### Exercise description
Looking at the listing below, retype exactly the lines starting at the one containing "by (simp add: psd_def transpose_add" and ending at the one containing "by (auto simp: psd_def", both included, and nothing else.
# # # # #
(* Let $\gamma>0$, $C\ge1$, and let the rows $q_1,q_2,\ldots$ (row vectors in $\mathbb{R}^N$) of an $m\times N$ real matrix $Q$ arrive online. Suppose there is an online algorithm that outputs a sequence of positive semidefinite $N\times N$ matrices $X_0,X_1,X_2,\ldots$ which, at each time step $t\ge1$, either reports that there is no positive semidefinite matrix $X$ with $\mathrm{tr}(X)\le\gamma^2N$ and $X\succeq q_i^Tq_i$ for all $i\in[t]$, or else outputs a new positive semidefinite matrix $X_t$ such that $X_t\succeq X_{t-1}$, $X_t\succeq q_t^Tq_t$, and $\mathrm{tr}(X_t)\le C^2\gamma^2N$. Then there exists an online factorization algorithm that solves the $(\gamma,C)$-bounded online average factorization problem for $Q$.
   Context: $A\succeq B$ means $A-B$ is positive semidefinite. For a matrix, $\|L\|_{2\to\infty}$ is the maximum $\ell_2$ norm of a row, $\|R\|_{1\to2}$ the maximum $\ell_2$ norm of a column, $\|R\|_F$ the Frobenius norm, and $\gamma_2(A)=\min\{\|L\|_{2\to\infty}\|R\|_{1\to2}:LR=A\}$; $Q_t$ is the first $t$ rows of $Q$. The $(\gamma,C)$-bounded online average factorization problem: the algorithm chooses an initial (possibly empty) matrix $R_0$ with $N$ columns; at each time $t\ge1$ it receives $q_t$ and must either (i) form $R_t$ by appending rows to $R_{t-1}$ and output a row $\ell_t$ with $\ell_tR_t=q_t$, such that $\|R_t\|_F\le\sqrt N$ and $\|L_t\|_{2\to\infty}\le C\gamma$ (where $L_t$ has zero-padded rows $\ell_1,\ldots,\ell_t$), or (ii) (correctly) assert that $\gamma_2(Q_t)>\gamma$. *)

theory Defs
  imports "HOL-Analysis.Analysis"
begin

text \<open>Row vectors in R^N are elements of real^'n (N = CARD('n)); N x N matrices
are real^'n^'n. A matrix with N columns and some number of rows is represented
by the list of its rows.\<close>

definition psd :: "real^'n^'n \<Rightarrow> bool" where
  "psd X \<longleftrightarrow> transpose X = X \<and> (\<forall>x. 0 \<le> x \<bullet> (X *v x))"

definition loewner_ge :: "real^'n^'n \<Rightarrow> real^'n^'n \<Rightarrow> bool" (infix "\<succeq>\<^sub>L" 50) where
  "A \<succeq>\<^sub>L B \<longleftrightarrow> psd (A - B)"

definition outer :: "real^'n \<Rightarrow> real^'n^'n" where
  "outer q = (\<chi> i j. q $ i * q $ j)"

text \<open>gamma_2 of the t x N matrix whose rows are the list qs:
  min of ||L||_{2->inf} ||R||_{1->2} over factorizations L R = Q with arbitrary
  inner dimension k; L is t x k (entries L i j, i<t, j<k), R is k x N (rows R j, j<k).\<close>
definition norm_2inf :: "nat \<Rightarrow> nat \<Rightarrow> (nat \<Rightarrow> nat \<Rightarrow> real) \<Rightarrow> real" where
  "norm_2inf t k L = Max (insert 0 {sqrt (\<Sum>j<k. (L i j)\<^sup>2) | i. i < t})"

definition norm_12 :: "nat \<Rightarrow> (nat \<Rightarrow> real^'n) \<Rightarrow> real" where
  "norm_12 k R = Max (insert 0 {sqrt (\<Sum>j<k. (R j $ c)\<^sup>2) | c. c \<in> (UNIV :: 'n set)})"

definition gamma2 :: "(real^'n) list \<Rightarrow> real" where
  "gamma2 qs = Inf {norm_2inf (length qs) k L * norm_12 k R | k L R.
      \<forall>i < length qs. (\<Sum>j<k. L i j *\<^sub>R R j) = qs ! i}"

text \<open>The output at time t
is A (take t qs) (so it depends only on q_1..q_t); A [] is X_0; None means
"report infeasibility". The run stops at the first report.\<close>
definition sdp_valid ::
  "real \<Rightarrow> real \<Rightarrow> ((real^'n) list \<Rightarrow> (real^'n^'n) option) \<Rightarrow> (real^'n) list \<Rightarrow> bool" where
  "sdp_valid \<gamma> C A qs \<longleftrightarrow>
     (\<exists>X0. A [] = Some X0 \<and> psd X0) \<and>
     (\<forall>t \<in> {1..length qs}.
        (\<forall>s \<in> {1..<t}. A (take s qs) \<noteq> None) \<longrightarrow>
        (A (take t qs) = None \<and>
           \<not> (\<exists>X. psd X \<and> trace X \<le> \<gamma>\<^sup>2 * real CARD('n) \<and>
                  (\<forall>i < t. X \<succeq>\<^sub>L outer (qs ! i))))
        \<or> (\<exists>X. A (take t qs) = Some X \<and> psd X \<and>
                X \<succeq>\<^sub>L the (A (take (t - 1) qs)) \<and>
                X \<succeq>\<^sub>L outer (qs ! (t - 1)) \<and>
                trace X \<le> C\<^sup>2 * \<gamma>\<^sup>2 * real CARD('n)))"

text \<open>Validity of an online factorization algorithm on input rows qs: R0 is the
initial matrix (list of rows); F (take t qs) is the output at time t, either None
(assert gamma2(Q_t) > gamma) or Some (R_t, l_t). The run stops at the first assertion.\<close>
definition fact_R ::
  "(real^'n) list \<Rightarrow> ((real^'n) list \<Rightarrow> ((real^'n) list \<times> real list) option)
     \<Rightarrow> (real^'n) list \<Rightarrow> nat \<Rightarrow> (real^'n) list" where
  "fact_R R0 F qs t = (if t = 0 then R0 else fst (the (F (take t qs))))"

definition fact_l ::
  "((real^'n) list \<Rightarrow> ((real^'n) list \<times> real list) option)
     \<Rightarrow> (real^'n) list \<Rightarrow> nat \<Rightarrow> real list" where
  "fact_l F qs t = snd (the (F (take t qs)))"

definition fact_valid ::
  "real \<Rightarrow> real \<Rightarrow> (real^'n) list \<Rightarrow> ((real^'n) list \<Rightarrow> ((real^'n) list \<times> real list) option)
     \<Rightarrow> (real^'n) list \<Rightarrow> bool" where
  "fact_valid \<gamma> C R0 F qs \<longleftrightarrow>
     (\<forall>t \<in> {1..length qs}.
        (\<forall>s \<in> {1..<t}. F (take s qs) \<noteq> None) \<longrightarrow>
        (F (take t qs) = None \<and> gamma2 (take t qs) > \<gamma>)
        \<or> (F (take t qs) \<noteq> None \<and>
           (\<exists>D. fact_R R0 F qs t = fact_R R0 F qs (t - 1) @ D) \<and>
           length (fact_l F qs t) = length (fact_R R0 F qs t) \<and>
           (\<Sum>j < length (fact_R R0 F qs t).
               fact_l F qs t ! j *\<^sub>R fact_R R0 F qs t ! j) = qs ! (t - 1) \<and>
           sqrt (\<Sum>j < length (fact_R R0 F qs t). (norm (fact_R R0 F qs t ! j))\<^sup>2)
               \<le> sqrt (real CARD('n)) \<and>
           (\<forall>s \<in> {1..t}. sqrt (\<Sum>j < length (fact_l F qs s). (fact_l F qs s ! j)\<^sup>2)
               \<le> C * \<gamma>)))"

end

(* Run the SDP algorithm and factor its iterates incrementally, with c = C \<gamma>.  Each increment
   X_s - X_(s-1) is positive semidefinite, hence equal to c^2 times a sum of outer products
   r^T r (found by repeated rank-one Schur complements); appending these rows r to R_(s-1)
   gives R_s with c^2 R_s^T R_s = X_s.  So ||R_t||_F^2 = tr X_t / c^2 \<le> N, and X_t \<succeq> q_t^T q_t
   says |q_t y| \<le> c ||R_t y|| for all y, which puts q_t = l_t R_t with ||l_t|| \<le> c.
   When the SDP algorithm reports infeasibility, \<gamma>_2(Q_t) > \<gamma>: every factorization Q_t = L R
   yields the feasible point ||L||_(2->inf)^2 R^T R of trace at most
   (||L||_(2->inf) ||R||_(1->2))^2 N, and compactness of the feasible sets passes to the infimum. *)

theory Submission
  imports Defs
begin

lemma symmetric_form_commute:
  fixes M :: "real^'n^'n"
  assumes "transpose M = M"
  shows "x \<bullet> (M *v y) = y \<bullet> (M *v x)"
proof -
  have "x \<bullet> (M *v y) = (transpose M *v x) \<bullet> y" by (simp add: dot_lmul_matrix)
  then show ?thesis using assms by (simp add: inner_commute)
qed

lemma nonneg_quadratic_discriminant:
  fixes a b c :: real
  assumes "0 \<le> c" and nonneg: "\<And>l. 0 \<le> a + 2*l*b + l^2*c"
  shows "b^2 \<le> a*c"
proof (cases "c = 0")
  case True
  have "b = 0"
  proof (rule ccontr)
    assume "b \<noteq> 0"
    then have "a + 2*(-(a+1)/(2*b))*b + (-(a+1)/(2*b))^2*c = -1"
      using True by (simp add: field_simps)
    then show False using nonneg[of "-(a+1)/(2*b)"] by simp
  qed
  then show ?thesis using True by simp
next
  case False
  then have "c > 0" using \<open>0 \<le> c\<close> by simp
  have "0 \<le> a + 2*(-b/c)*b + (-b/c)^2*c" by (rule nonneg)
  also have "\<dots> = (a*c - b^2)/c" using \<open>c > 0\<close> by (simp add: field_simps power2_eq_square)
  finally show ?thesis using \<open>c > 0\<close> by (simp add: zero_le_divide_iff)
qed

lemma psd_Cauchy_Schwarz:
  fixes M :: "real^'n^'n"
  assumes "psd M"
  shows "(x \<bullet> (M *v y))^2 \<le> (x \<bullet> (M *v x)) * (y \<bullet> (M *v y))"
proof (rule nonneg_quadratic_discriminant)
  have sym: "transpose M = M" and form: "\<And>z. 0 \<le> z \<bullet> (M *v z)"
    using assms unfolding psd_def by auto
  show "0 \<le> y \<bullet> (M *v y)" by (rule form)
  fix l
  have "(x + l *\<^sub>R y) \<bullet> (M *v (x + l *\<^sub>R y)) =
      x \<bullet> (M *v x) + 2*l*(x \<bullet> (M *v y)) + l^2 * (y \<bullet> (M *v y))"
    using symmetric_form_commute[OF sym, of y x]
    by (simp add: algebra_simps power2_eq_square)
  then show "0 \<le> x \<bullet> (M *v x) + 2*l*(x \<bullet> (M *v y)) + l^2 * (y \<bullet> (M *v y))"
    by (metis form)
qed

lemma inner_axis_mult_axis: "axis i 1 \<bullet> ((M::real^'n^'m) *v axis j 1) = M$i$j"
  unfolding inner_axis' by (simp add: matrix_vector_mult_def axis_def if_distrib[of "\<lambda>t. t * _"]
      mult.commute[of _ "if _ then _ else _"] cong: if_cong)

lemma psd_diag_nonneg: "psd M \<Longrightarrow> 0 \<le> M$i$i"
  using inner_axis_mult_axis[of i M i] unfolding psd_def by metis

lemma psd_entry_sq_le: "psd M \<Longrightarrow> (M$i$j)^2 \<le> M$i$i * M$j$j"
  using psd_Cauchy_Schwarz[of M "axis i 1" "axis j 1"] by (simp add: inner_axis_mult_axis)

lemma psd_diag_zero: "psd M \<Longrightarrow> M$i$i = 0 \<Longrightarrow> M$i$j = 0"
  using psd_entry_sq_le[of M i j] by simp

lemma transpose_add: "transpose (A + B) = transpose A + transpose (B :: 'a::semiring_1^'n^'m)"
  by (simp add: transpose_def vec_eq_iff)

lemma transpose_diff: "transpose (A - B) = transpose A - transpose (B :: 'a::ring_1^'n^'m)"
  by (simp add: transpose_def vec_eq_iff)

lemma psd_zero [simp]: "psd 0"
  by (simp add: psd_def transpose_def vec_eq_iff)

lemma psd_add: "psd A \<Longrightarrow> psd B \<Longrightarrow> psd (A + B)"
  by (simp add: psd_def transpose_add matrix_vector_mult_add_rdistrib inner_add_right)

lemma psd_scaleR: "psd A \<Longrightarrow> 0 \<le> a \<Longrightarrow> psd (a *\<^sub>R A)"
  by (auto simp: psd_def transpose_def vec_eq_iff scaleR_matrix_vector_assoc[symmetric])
# # # # #
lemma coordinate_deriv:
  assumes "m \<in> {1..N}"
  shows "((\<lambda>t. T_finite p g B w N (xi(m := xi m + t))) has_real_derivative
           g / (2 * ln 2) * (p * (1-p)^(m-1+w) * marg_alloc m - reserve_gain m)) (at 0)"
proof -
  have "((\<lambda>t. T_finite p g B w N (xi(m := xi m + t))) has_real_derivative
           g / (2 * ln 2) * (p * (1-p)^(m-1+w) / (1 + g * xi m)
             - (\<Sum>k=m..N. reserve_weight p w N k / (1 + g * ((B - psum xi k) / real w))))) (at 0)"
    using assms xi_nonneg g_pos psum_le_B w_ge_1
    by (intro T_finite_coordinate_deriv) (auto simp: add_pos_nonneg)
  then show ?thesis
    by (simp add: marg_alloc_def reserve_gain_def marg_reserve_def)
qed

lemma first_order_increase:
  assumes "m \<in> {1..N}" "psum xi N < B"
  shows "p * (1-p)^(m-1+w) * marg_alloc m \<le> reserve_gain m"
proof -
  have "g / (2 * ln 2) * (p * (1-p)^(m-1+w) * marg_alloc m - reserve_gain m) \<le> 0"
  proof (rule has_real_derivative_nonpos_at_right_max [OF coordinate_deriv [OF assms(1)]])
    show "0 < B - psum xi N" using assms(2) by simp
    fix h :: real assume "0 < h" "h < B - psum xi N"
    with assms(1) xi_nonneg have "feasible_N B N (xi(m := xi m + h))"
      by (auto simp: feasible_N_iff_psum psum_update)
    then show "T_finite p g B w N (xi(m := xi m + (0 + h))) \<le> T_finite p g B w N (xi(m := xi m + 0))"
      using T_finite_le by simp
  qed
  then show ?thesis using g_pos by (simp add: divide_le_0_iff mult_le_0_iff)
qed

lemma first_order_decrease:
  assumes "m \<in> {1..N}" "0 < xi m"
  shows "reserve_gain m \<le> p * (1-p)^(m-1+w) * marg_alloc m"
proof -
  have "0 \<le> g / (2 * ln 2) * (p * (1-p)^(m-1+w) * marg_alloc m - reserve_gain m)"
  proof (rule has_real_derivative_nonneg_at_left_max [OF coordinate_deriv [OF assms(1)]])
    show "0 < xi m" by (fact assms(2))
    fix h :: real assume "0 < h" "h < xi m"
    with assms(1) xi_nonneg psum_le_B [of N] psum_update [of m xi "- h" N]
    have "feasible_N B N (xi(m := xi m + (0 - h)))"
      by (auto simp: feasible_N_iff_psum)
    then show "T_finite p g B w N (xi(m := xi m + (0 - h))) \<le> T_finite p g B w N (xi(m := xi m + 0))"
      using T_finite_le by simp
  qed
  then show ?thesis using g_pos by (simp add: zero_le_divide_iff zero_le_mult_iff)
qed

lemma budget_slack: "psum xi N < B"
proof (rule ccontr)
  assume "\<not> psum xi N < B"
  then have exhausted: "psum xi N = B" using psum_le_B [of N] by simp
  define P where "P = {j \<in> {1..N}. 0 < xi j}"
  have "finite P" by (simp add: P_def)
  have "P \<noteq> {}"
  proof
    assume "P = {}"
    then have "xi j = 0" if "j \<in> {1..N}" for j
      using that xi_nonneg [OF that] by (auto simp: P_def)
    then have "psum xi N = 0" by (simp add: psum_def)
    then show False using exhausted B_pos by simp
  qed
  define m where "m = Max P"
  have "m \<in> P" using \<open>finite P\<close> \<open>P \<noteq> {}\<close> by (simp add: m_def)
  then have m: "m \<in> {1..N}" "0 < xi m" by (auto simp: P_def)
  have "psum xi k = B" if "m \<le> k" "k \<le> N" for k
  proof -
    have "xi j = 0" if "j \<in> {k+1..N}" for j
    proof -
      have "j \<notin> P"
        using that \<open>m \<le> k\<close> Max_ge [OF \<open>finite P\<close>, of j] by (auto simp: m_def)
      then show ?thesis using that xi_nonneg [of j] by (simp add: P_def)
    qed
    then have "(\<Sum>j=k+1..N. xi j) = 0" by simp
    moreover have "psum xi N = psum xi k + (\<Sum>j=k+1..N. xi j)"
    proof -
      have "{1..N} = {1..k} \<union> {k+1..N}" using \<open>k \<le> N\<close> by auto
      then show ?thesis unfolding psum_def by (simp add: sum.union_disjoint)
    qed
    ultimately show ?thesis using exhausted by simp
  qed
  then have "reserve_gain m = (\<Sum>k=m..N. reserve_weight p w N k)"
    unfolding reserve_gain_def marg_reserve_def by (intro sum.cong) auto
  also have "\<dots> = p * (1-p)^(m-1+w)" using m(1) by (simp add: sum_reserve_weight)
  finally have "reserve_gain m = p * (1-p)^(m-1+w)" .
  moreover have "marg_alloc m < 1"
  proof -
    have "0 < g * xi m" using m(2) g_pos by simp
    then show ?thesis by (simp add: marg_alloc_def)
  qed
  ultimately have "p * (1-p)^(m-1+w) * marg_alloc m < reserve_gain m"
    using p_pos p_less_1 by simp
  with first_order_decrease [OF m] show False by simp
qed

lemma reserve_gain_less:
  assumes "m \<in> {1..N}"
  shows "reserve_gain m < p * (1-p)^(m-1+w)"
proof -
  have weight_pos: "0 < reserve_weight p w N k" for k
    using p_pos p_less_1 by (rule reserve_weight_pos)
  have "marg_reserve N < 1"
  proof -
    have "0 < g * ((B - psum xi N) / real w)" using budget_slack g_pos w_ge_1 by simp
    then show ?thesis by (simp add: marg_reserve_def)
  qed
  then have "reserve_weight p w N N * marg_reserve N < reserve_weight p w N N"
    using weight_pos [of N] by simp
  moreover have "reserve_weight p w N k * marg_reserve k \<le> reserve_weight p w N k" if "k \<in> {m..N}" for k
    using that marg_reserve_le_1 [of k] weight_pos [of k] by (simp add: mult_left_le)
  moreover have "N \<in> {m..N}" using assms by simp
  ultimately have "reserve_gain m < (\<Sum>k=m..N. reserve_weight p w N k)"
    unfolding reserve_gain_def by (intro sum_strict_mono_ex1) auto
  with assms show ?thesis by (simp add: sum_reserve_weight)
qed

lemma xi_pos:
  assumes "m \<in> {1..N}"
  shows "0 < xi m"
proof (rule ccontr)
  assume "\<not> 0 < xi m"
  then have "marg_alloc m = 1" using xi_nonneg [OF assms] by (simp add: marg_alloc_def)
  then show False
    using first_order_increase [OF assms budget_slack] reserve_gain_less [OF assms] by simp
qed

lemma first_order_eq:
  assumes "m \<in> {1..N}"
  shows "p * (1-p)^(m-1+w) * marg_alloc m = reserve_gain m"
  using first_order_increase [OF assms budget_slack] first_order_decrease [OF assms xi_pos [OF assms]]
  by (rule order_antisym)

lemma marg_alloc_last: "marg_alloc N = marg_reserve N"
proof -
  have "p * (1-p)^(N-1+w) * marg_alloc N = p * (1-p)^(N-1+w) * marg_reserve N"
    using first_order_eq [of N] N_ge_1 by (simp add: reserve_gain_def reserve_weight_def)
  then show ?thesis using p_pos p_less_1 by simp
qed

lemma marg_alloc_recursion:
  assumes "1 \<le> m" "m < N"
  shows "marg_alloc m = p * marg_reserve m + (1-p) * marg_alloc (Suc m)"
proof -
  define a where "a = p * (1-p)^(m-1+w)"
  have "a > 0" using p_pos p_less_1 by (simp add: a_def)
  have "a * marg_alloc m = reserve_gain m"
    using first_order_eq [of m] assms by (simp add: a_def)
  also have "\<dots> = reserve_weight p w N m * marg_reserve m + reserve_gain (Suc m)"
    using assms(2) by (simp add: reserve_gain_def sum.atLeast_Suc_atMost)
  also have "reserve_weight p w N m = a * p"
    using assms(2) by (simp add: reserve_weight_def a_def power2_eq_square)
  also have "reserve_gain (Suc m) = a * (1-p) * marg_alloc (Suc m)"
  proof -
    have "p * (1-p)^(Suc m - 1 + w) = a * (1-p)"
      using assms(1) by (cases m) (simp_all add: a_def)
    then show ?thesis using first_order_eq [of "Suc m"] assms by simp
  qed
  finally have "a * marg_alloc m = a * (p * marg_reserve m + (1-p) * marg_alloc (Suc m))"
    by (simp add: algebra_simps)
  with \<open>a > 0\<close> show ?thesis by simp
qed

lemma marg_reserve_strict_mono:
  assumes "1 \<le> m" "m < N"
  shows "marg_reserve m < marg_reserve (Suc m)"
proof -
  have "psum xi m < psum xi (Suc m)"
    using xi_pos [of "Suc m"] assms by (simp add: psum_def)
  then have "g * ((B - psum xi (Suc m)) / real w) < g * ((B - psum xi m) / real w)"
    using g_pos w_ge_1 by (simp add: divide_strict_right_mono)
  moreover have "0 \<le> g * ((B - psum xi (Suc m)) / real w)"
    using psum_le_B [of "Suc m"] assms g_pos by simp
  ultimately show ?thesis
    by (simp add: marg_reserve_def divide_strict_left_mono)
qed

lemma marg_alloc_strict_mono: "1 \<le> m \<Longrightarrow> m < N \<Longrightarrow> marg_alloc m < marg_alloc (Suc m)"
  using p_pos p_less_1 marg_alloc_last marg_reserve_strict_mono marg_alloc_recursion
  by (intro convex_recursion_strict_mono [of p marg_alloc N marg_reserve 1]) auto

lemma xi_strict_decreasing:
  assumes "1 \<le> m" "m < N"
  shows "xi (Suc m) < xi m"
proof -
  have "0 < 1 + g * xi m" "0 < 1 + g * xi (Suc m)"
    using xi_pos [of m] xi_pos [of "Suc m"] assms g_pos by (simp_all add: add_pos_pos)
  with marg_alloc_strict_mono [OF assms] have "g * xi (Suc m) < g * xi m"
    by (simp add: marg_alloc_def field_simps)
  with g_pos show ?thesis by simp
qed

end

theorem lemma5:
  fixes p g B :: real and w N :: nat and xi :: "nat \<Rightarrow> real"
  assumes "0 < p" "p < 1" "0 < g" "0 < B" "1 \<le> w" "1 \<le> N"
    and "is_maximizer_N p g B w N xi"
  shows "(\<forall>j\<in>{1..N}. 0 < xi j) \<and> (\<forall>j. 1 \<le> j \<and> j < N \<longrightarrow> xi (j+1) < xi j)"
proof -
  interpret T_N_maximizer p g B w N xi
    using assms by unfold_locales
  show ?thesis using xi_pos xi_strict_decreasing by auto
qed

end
# # # # #
### Problem solution
  by (simp add: psd_def transpose_add matrix_vector_mult_add_rdistrib inner_add_right)

lemma psd_scaleR: "psd A \<Longrightarrow> 0 \<le> a \<Longrightarrow> psd (a *\<^sub>R A)"
  by (auto simp: psd_def transpose_def vec_eq_iff scaleR_matrix_vector_assoc[symmetric])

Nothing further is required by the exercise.